• Goal of the exercise: Could you output the complete listing given below exactly?

• Exercise inputs:
....

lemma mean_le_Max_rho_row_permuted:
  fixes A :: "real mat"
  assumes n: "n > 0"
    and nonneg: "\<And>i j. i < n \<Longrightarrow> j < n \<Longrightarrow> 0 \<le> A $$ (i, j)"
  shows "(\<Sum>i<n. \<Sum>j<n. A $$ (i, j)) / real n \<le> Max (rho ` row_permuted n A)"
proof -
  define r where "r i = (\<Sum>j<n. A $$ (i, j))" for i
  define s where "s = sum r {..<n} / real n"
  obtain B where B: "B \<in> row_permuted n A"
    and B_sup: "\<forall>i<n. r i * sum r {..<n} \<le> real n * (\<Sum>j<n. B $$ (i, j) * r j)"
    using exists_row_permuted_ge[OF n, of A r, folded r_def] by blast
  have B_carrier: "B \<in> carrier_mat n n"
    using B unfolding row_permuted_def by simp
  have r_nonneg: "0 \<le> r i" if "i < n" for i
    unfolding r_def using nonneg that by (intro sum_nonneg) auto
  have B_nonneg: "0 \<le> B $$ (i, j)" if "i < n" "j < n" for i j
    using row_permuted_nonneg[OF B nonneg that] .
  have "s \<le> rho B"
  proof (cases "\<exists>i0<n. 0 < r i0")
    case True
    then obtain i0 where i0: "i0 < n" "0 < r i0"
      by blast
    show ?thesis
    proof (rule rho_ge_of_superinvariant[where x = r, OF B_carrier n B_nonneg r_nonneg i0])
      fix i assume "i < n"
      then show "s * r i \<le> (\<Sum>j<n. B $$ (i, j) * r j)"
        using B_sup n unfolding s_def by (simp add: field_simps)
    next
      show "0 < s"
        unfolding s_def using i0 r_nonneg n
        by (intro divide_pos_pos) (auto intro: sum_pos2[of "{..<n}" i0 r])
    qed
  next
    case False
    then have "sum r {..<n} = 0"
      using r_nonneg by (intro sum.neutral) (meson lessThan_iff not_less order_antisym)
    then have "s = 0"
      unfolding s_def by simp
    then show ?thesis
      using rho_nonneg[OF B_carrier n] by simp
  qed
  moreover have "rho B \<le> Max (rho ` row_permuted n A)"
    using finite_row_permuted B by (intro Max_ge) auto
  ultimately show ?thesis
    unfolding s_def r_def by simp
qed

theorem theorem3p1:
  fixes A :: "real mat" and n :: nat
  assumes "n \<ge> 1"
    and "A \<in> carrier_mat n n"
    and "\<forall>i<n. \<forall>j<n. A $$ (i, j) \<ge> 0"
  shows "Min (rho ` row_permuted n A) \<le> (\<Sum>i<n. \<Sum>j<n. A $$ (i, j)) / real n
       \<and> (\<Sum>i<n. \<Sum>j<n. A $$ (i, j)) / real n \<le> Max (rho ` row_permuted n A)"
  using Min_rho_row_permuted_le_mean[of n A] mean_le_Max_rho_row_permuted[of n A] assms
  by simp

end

....

• Answer:
lemma mean_le_Max_rho_row_permuted:
  fixes A :: "real mat"
  assumes n: "n > 0"
    and nonneg: "\<And>i j. i < n \<Longrightarrow> j < n \<Longrightarrow> 0 \<le> A $$ (i, j)"
  shows "(\<Sum>i<n. \<Sum>j<n. A $$ (i, j)) / real n \<le> Max (rho ` row_permuted n A)"
proof -
  define r where "r i = (\<Sum>j<n. A $$ (i, j))" for i
  define s where "s = sum r {..<n} / real n"
  obtain B where B: "B \<in> row_permuted n A"
    and B_sup: "\<forall>i<n. r i * sum r {..<n} \<le> real n * (\<Sum>j<n. B $$ (i, j) * r j)"
    using exists_row_permuted_ge[OF n, of A r, folded r_def] by blast
  have B_carrier: "B \<in> carrier_mat n n"
    using B unfolding row_permuted_def by simp
  have r_nonneg: "0 \<le> r i" if "i < n" for i
    unfolding r_def using nonneg that by (intro sum_nonneg) auto
  have B_nonneg: "0 \<le> B $$ (i, j)" if "i < n" "j < n" for i j
    using row_permuted_nonneg[OF B nonneg that] .
  have "s \<le> rho B"
  proof (cases "\<exists>i0<n. 0 < r i0")
    case True
    then obtain i0 where i0: "i0 < n" "0 < r i0"
      by blast
    show ?thesis
    proof (rule rho_ge_of_superinvariant[where x = r, OF B_carrier n B_nonneg r_nonneg i0])
      fix i assume "i < n"
      then show "s * r i \<le> (\<Sum>j<n. B $$ (i, j) * r j)"
        using B_sup n unfolding s_def by (simp add: field_simps)
    next
      show "0 < s"
        unfolding s_def using i0 r_nonneg n
        by (intro divide_pos_pos) (auto intro: sum_pos2[of "{..<n}" i0 r])
    qed
  next
    case False
    then have "sum r {..<n} = 0"
      using r_nonneg by (intro sum.neutral) (meson lessThan_iff not_less order_antisym)
    then have "s = 0"
      unfolding s_def by simp
    then show ?thesis
      using rho_nonneg[OF B_carrier n] by simp
  qed
  moreover have "rho B \<le> Max (rho ` row_permuted n A)"
    using finite_row_permuted B by (intro Max_ge) auto
  ultimately show ?thesis
    unfolding s_def r_def by simp
qed

theorem theorem3p1:
  fixes A :: "real mat" and n :: nat
  assumes "n \<ge> 1"
    and "A \<in> carrier_mat n n"
    and "\<forall>i<n. \<forall>j<n. A $$ (i, j) \<ge> 0"
  shows "Min (rho ` row_permuted n A) \<le> (\<Sum>i<n. \<Sum>j<n. A $$ (i, j)) / real n
       \<and> (\<Sum>i<n. \<Sum>j<n. A $$ (i, j)) / real n \<le> Max (rho ` row_permuted n A)"
  using Min_rho_row_permuted_le_mean[of n A] mean_le_Max_rho_row_permuted[of n A] assms
  by simp

end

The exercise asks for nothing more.